# Justina Robson on women in SF



## Stephen Palmer (Jul 26, 2015)

Great piece in the Indie on the current state of women's SF writing.


----------



## millymollymo (Jul 26, 2015)

"The girls have been in the playroom and we customised a lot." <- Don't you know it  Thanks for sharing Stephen!


----------



## Ray McCarthy (Jul 26, 2015)

I think that's a pretty rubbish "chip on shoulder" article that actually reinforces false  gender stereotypes.


----------



## Jo Zebedee (Jul 26, 2015)

Ray McCarthy said:


> I think that's a pretty rubbish "chip on shoulder" article that actually reinforces false  gender stereotypes.



No? Why am I Jo and not Joanne? Why do male romance writers take female pen names? Because bias exists, like it or not.


----------



## Ray McCarthy (Jul 26, 2015)

Far far worse for Men writting Romance than women in SFF. Loads of successful female authors going back to late sixties.

But what particularly grated was the stupid comments about Maths and Science. 

Yes there are gender issues, but this was a rambling diatribe.


----------



## Brian G Turner (Jul 26, 2015)

Jo Zebedee said:


> Why am I Jo and not Joanne?



I presumed because it was more catchy - if you were aiming for a male pseudonym you forgot the "e" on the end of "Jo"!


----------



## Jo Zebedee (Jul 26, 2015)

Brian Turner said:


> I presumed because it was more catchy - if you were aiming for a male pseudonym you forgot the "e" on the end of "Jo"!



Iwasn't hung up on people knowing I was female - I'm open online about who I am.  But I was also very aware that it did no harm having something a little more ambiguous than a very female sounding name.
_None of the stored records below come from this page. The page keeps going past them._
text \<open>
  Write v = \<omega> - K R sin(\<Theta> - \<phi>) for the velocity of a characteristic
  and C + i S = R e^(i \<phi>) = \<integral> e^(i \<Theta>) d f0 for the order parameter.  Differentiating
  under the integral sign gives
    H' = \<integral> \<omega> v + K (C C' + S S'),   C' = - \<integral> sin \<Theta> v,   S' = \<integral> cos \<Theta> v,
  and since C = R cos \<phi>, S = R sin \<phi>, the coupling term equals - K R \<integral> sin(\<Theta> - \<phi>) v.
  Hence H' = \<integral> v^2 \<ge> 0, a dissipation identity.
\<close>

lemma has_real_derivative_integral:
  fixes F :: "real \<Rightarrow> 'a \<Rightarrow> real"
  assumes t: "t \<in> S"
    and int: "\<And>s. s \<in> S \<Longrightarrow> integrable M (F s)"
    and der: "\<And>x. x \<in> space M \<Longrightarrow> ((\<lambda>s. F s x) has_real_derivative F' x) (at t within S)"
    and bnd: "\<And>s x. s \<in> S \<Longrightarrow> x \<in> space M \<Longrightarrow> \<bar>F s x - F t x\<bar> \<le> \<bar>s - t\<bar> * B x"
    and intB: "integrable M B"
    and mF': "F' \<in> borel_measurable M"
  shows "((\<lambda>s. \<integral>x. F s x \<partial>M) has_real_derivative (\<integral>x. F' x \<partial>M)) (at t within S)"
proof -
  have "((\<lambda>s. ((\<integral>x. F s x \<partial>M) - (\<integral>x. F t x \<partial>M)) / (s - t)) \<longlongrightarrow> (\<integral>x. F' x \<partial>M)) (at t within S)"
  proof (rule Lim_within_LIMSEQ, intro allI impI)
    fix X assume X: "(\<forall>n. X n \<noteq> t \<and> X n \<in> S) \<and> X \<longlonglongrightarrow> t"
    have quotient_eq: "((\<integral>x. F (X n) x \<partial>M) - (\<integral>x. F t x \<partial>M)) / (X n - t)
        = (\<integral>x. (F (X n) x - F t x) / (X n - t) \<partial>M)" for n
      using X int[of "X n"] int[OF t] by simp
    have "(\<lambda>n. \<integral>x. (F (X n) x - F t x) / (X n - t) \<partial>M) \<longlonglongrightarrow> (\<integral>x. F' x \<partial>M)"
    proof (rule integral_dominated_convergence[where w=B])
      show "(\<lambda>x. (F (X n) x - F t x) / (X n - t)) \<in> borel_measurable M" for n
        using int X t by auto
      show "AE x in M. (\<lambda>n. (F (X n) x - F t x) / (X n - t)) \<longlonglongrightarrow> F' x"
      proof (rule AE_I2)
        fix x assume x: "x \<in> space M"
        from der[OF x] have "((\<lambda>s. (F s x - F t x) / (s - t)) \<longlongrightarrow> F' x) (at t within S)"
          by (simp add: has_field_derivative_iff)
        then show "(\<lambda>n. (F (X n) x - F t x) / (X n - t)) \<longlonglongrightarrow> F' x"
          using X unfolding tendsto_at_iff_sequentially comp_def by auto
      qed
      show "AE x in M. norm ((F (X n) x - F t x) / (X n - t)) \<le> B x" for n
      proof (rule AE_I2)
        fix x assume x: "x \<in> space M"
        have "\<bar>F (X n) x - F t x\<bar> \<le> \<bar>X n - t\<bar> * B x" using bnd X x by auto
        moreover have "\<bar>X n - t\<bar> > 0" using X by auto
        ultimately show "norm ((F (X n) x - F t x) / (X n - t)) \<le> B x"
          by (simp add: abs_divide pos_divide_le_eq mult.commute)
      qed
    qed fact+
    then show "(\<lambda>n. ((\<integral>x. F (X n) x \<partial>M) - (\<integral>x. F t x \<partial>M)) / (X n - t)) \<longlonglongrightarrow> (\<integral>x. F' x \<partial>M)"
      by (simp only: quotient_eq)
  qed
  then show ?thesis by (simp add: has_field_derivative_iff)
qed

lemma mono_on_atLeast_if_derivative_nonneg:
  fixes G G' :: "real \<Rightarrow> real"
  assumes der: "\<And>t. a \<le> t \<Longrightarrow> (G has_real_derivative G' t) (at t within {a..})"
    and nonneg: "\<And>t. a \<le> t \<Longrightarrow> 0 \<le> G' t"
  shows "mono_on {a..} G"
proof (rule mono_onI)
  have cont: "continuous_on {a..} G"
    unfolding continuous_on_eq_continuous_within using der by (auto intro: DERIV_continuous)
  fix s t assume st: "s \<in> {a..}" "t \<in> {a..}" "s \<le> t"
  show "G s \<le> G t"
  proof (rule DERIV_nonneg_imp_increasing_open[OF st(3)])
    fix u assume u: "s < u" "u < t"
    then have "u \<in> interior {a..}" using st by auto
    then show "\<exists>y. DERIV G u :> y \<and> 0 \<le> y"
      using der[of u] nonneg[of u] u st at_within_interior by fastforce
  next
    show "continuous_on {s..t} G" using st by (intro continuous_on_subset[OF cont]) auto
  qed
qed

lemma abs_sin_diff_le: "\<bar>sin (a::real) - sin b\<bar> \<le> \<bar>a - b\<bar>"
proof -
  have "norm (sin a - sin b) \<le> 1 * norm (a - b)"
    by (rule field_differentiable_bound[where S=UNIV and f'="\<lambda>z. cos z"])
       (auto intro!: derivative_eq_intros)
  then show ?thesis by simp
qed

lemma abs_cos_diff_le: "\<bar>cos (a::real) - cos b\<bar> \<le> \<bar>a - b\<bar>"
proof -
  have "norm (cos a - cos b) \<le> 1 * norm (a - b)"
    by (rule field_differentiable_bound[where S=UNIV and f'="\<lambda>z. - sin z"])
       (auto intro!: derivative_eq_intros)
  then show ?thesis by simp
qed

locale kinetic_kuramoto = prob_space M
  for M :: "(real \<times> real) measure" +
  fixes K :: real and \<Theta> :: "real \<Rightarrow> real \<Rightarrow> real \<Rightarrow> real" and R \<phi> :: "real \<Rightarrow> real"
  assumes sets_M: "sets M = sets borel"
    and initial_support: "AE x in M. fst x \<in> {-pi..<pi}"
    and K_pos: "K > 0"
    and second_moment: "integrable M (\<lambda>x. (snd x)\<^sup>2)"
    and solution: "kuramoto_solution K M \<Theta> R \<phi>"
begin

definition phase :: "real \<Rightarrow> real \<times> real \<Rightarrow> real" where
  "phase t x = \<Theta> t (fst x) (snd x)"

definition velocity :: "real \<Rightarrow> real \<times> real \<Rightarrow> real" where
  "velocity t x = snd x - K * R t * sin (phase t x - \<phi> t)"

lemma phase_initial: "phase 0 x = fst x"
  using solution by (simp add: kuramoto_solution_def phase_def)

lemma phase_has_derivative:
  "t \<ge> 0 \<Longrightarrow> ((\<lambda>s. phase s x) has_real_derivative velocity t x) (at t within {0..})"
  using solution by (simp add: kuramoto_solution_def phase_def velocity_def)

lemma phase_measurable [measurable]: "t \<ge> 0 \<Longrightarrow> phase t \<in> borel_measurable M"
  using solution unfolding kuramoto_solution_def phase_def[abs_def] by simp

lemma order_parameter_polar:
  assumes "t \<ge> 0"
  shows "R t \<ge> 0" and "complex_of_real (R t) * cis (\<phi> t) = (\<integral>x. cis (phase t x) \<partial>M)"
  using solution assms by (auto simp: kuramoto_solution_def order_parameter_def phase_def)

lemma frequency_measurable [measurable]: "snd \<in> borel_measurable M"
proof -
  have "snd \<in> borel_measurable (borel :: (real \<times> real) measure)"
    by (intro borel_measurable_continuous_onI continuous_intros)
  then show ?thesis unfolding measurable_cong_sets[OF sets_M refl] .
qed

lemma integrable_abs_frequency: "integrable M (\<lambda>x. \<bar>snd x\<bar>)"
  using square_integrable_imp_integrable[OF frequency_measurable second_moment] by simp

text \<open>The order parameter is an average of unit vectors, so R \<le> 1.\<close>

lemma order_parameter_le_1:
  assumes "t \<ge> 0" shows "R t \<le> 1"
proof -
  have "R t = norm (complex_of_real (R t) * cis (\<phi> t))"
    using order_parameter_polar(1)[OF assms] by (simp add: norm_mult)
  also have "\<dots> = norm (\<integral>x. cis (phase t x) \<partial>M)"
    by (simp only: order_parameter_polar(2)[OF assms])
  also have "\<dots> \<le> (\<integral>x. norm (cis (phase t x)) \<partial>M)" by (rule integral_norm_bound)
  also have "\<dots> = 1" by (simp add: prob_space)
  finally show ?thesis .
qed

lemma velocity_bound:
  assumes "t \<ge> 0" shows "\<bar>velocity t x\<bar> \<le> \<bar>snd x\<bar> + K"
proof -
  have "\<bar>K * R t * sin (phase t x - \<phi> t)\<bar> = K * R t * \<bar>sin (phase t x - \<phi> t)\<bar>"
    using K_pos order_parameter_polar(1)[OF assms] by (simp add: abs_mult)
  also have "\<dots> \<le> K * 1 * 1"
    using K_pos order_parameter_polar(1)[OF assms] order_parameter_le_1[OF assms]
    by (intro mult_mono) auto
  finally show ?thesis unfolding velocity_def by linarith
qed

lemma velocity_measurable [measurable]: "t \<ge> 0 \<Longrightarrow> velocity t \<in> borel_measurable M"
  unfolding velocity_def by measurable

lemma phase_lipschitz:
  assumes "s \<ge> 0" "t \<ge> 0"
  shows "\<bar>phase s x - phase t x\<bar> \<le> \<bar>s - t\<bar> * (\<bar>snd x\<bar> + K)"
proof -
  have "norm (phase s x - phase t x) \<le> (\<bar>snd x\<bar> + K) * norm (s - t)"
    by (rule field_differentiable_bound[where S="{0..}" and f'="\<lambda>t. velocity t x"])
       (use assms phase_has_derivative velocity_bound in auto)
  then show ?thesis by (simp add: mult.commute)
qed

text \<open>Integrability of the integrands occurring in H and in its derivative; the
  dominating functions are |\<omega>| + K and (|\<omega>| + K)|\<omega>|, integrable by the second moment.\<close>

lemma integrable_velocity_dominant: "integrable M (\<lambda>x. \<bar>snd x\<bar> + K)"
  using integrable_abs_frequency by simp

lemma integrable_velocity_frequency_dominant: "integrable M (\<lambda>x. (\<bar>snd x\<bar> + K) * \<bar>snd x\<bar>)"
proof -
  have expand: "(\<lambda>x. (\<bar>snd x\<bar> + K) * \<bar>snd x\<bar>) = (\<lambda>x. (snd x)\<^sup>2 + K * \<bar>snd x\<bar>)"
    by (auto simp: power2_eq_square algebra_simps)
  show ?thesis unfolding expand using integrable_abs_frequency second_moment by simp
qed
Going with the outright falsity of Joe would be very against the kind of person I am, but a middle of the road choice felt right.

I also think writing sf rather than fantasy (so far...) Probably influenced that.


----------



## Teresa Edgerton (Jul 26, 2015)

Interesting, Ray.  It didn't seem like a diatribe to me.  I thought it was rather dry with all the statistics (which I don't doubt are true).  And the comments from editors were very similar to something one of my own editors told me.
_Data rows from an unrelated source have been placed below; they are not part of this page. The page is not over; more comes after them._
(* Let $\mathcal{H}$ be a set of connected subgraphs of a graph $G$. Then for every $\ell\in\mathbb{N}_0$, either there are more than $\ell$ pairwise vertex-disjoint graphs in $\mathcal{H}$, or there is a set $Q\subseteq V(G)$ with $|Q|\le(\mathrm{tw}(G)+1)\,\ell\log_2(\ell+1)$ such that $G-Q$ contains no graph of $\mathcal{H}$ (i.e. every member of $\mathcal{H}$ meets $Q$).
   Context: Graphs are finite, simple and undirected; $\mathrm{tw}$ denotes treewidth; $\log$ is base 2. *)

theory Defs
  imports Complex_Main
begin

definition graph :: "'a set \<Rightarrow> 'a set set \<Rightarrow> bool" where
  "graph V E \<longleftrightarrow> finite V \<and> (\<forall>e\<in>E. \<exists>u v. e = {u, v} \<and> u \<noteq> v \<and> u \<in> V \<and> v \<in> V)"

definition subgraph :: "'a set \<Rightarrow> 'a set set \<Rightarrow> 'a set \<Rightarrow> 'a set set \<Rightarrow> bool" where
  "subgraph V' E' V E \<longleftrightarrow> graph V' E' \<and> V' \<subseteq> V \<and> E' \<subseteq> E"

definition connected_graph :: "'a set \<Rightarrow> 'a set set \<Rightarrow> bool" where
  "connected_graph V E \<longleftrightarrow> V \<noteq> {} \<and>
     (\<forall>u\<in>V. \<forall>v\<in>V. (u, v) \<in> rtrancl {(x, y). {x, y} \<in> E})"

definition tree :: "'a set \<Rightarrow> 'a set set \<Rightarrow> bool" where
  "tree V E \<longleftrightarrow> graph V E \<and> connected_graph V E \<and> card E = card V - 1"

definition tree_decomposition ::
  "'a set \<Rightarrow> 'a set set \<Rightarrow> nat set \<Rightarrow> nat set set \<Rightarrow> (nat \<Rightarrow> 'a set) \<Rightarrow> bool" where
  "tree_decomposition V E VT ET B \<longleftrightarrow>
     tree VT ET \<and>
     (\<forall>t\<in>VT. B t \<subseteq> V) \<and>
     (\<forall>v\<in>V. \<exists>t\<in>VT. v \<in> B t) \<and>
     (\<forall>e\<in>E. \<exists>t\<in>VT. e \<subseteq> B t) \<and>
     (\<forall>v\<in>V. connected_graph {t\<in>VT. v \<in> B t} {e\<in>ET. e \<subseteq> {t\<in>VT. v \<in> B t}})"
Your own reading shows that you aren't hung up on math and science and masculine prose, that you are interested in human relationships and interactions, but it would be a mistake to think you are the typical male reader.  You're far more open-minded than most.


----------



## Stephen Palmer (Jul 27, 2015)

I thought it was really interesting and written with what seemed to me to be a wry sense of humour. And I liked the "this is SF now" comment.


----------



## Cat's Cradle (Jul 27, 2015)

I hope I'm not derailing the thread by asking Jo a question...I'll say first that it's a shame that the times haven't changed enough that you could publish--without worries--under whatever name would have most pleased you. But I wonder, when you become wildly successful as an author, would you consider changing to Joanne...or would you need to stick with Jo because of name recognition? 
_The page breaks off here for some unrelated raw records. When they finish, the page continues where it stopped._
(* Let $\mathbb{K}$ be a field with $|\mathbb{K}|>2$ and let $(X,Z,\Xi,\Theta)$ be a dual split pre-Veronese set. The following are equivalent: (i) $\Theta=\emptyset$; (ii) for every $\xi\in\Xi$, the vertex $Y\cap\xi$ of $(X\cup Y)\cap\xi$ equals $Y$; (iii) there exists $\xi\in\Xi$ whose vertex $Y\cap\xi$ equals $Y$.
   Context: Let $\mathbb{K}$ be a field. For integers $R\ge1$, $V\ge -1$, an $(R,V)$-cone is a cone with a $V$-dimensional vertex (empty if $V=-1$) over a non-degenerate hyperbolic quadric in $\mathbb{P}^{2R+1}(\mathbb{K})$; the $(R,V)$-tube is the cone minus its vertex. Let $r,v,r',v'\ge -1$ be integers with $r'>r\ge1$, $d=2r+v+1$, $d'=2r'+v'+1$. Let $X,Z$ be point sets with $X\cup Z$ spanning $\mathbb{P}^N(\mathbb{K})$, $Y:=\langle Z\rangle$; $\Xi$ a family of $(d+1)$-dimensional subspaces with $|\Xi|>1$, $\Theta$ a possibly empty family of $(d'+1)$-dimensional subspaces such that: for $\xi\in\Xi$, $(X\cup Y)\cap\xi$ is an $(r,v)$-cone with vertex $Y\cap\xi$ and $X\cap\xi$ is its tube; for $\theta\in\Theta$, $(X\cup Y)\cap\theta$ is an $(r',v')$-cone $C_\theta$, $Y\cap\theta$ is a generator $M$ of $C_\theta$, $Z\cap\theta$ is the disjoint union of the vertex $V_\theta$ and an $r'$-space of $M$ complementary to $V_\theta$, and $X\cap\theta=C_\theta\setminus M$. A subspace is singular if all its points lie in $X\cup Y$; two points are collinear if the joining line is singular. Axioms: (S1) any two distinct points of $X\cup Z$ lie in a common member of $\Xi\cup\Theta$; (S2) the intersection of two distinct members of $\Xi\cup\Theta$ is singular. A dual split pre-Veronese set (pre-DSV) is such a quadruple satisfying (S1) and (S2). *)

theory Defs
  imports Complex_Main "HOL-Library.Function_Algebras"
begin

text \<open>Model of P^N(K): vectors are functions nat => K vanishing above N
  (so K^(N+1)); a projective point is a 1-dimensional linear subspace;
  a projective subspace of projective dimension k is represented by the
  underlying linear subspace (of linear dimension k+1).\<close>

definition sc :: "'k::field \<Rightarrow> (nat \<Rightarrow> 'k) \<Rightarrow> (nat \<Rightarrow> 'k)" where
  "sc c x = (\<lambda>i. c * x i)"

definition amb :: "nat \<Rightarrow> (nat \<Rightarrow> 'k::field) set" where
  "amb N = {x. \<forall>i>N. x i = 0}"

definition pts :: "nat \<Rightarrow> (nat \<Rightarrow> 'k::field) set set" where
  "pts N = {{sc c x | c. True} | x. x \<in> amb N \<and> x \<noteq> 0}"

abbreviation lsubspace :: "(nat \<Rightarrow> 'k::field) set \<Rightarrow> bool" where
  "lsubspace S \<equiv> module.subspace (sc :: 'k \<Rightarrow> _) S"

abbreviation lspan :: "(nat \<Rightarrow> 'k::field) set \<Rightarrow> (nat \<Rightarrow> 'k) set" where
  "lspan S \<equiv> module.span (sc :: 'k \<Rightarrow> _) S"

abbreviation lindep :: "(nat \<Rightarrow> 'k::field) set \<Rightarrow> bool" where
  "lindep S \<equiv> module.independent (sc :: 'k \<Rightarrow> _) S"

abbreviation ldim :: "(nat \<Rightarrow> 'k::field) set \<Rightarrow> nat" where
  "ldim S \<equiv> vector_space.dim (sc :: 'k \<Rightarrow> _) S"

definition ptsof :: "nat \<Rightarrow> (nat \<Rightarrow> 'k::field) set \<Rightarrow> (nat \<Rightarrow> 'k) set set" where
  "ptsof N S = {p \<in> pts N. p \<subseteq> S}"

definition hypform :: "nat \<Rightarrow> (nat \<Rightarrow> 'k::field) \<Rightarrow> 'k" where
  "hypform R a = (\<Sum>k\<le>R. a (2*k) * a (2*k+1))"

text \<open>cone C N R V S W: the point set C is an (R,V)-cone in P^N, spanning the
  projective subspace with underlying linear subspace S, with vertex the
  projective subspace with underlying linear subspace W (of projective
  dimension V; W = {0}, i.e. empty vertex, when V = -1).\<close>
definition cone ::
  "nat \<Rightarrow> nat \<Rightarrow> int \<Rightarrow> (nat \<Rightarrow> 'k::field) set \<Rightarrow> (nat \<Rightarrow> 'k) set set \<Rightarrow> (nat \<Rightarrow> 'k) set \<Rightarrow> bool"
  where
  "cone N R V S C W \<longleftrightarrow> V \<ge> -1 \<and> R \<ge> 1 \<and>
     (\<exists>f :: nat \<Rightarrow> (nat \<Rightarrow> 'k).
        let n = 2*R + 2 + nat (V+1) in
        inj_on f {..<n} \<and> f ` {..<n} \<subseteq> amb N \<and> lindep (f ` {..<n}) \<and>
        S = lspan (f ` {..<n}) \<and>
        W = lspan (f ` {2*R+2..<n}) \<and>
        C = {p \<in> pts N. \<exists>a. (\<Sum>i<n. sc (a i) (f i)) \<in> p - {0} \<and> hypform R a = 0})"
Terrific article, btw. I don't suppose I have ever personally experienced gender bias, though most of my friends are female, and I've heard horror stories from them over the years (the bias, and condescension they encounter in taking a car to an auto mechanic are a prime, infuriating, and nearly universal example of this). I will take the author's word (and statistics) on the bias that exists within the world of SF, and will try to make my little corner of the world a friendlier place for the works of female SF authors. CC


----------



## Ray McCarthy (Jul 27, 2015)

Teresa Edgerton said:


> but it would be a mistake to think you are the typical


I guess too "personal experience" can be skewed, though N.I. and Ireland is in many ways traditionally sexist, I've never known anyone that cared about which sex an SF or F writer was.  But my wife was actually sceptical that any men wrote Romantic Fiction, especially of the old fashioned type. Of course they use female pseudonyms.

Is there a sort of self perpetuating thing here if writers perceive (no matter if really true or false) they need a certain flavour of pseudonym for a certain market?

Is an SF (or F) female name really a prejudice for readers, or for Agents, or for Publishers? Or does it vary by country. Or are awards especially biased (IMO most awards for anything seem bonkers, esp. Architecture).

Thanks for kind words Teresa, you can tell I don't worry about giving contrary opinions. But I worry that the way this article is written re-enforces perceptions. Esp. the comments about Maths and Science. My Wife has degree in Maths and worked as a Computer Scientist doing computer programs simulating high energy physics experiments.  She really hates SF&F no matter what sex the writer. Especially hates Magic and Starships.
My sister manages IT systems.


----------



## Ray McCarthy (Jul 27, 2015)

Cat's Cradle said:


> taking a car to an auto mechanic


That's pretty much a horror story anyway actually. Most are not actually Mechanics any more and treat owners as idiots no matter the sex. Many are. I always thought that changing a tyre, checking tyre pressure,  oil, water and petrol/Diesel should be in the driving test.
That schools should teach ALL the pupils at last few of years of primary level to sew, cook, type, basic engineering drawing. That the first couple of years secondary school should have basic DIY for all too. Drilling holes, putting up shelves, painting, measuring sawing etc as well as some Sewing Machine clothes making and more advanced Household Management.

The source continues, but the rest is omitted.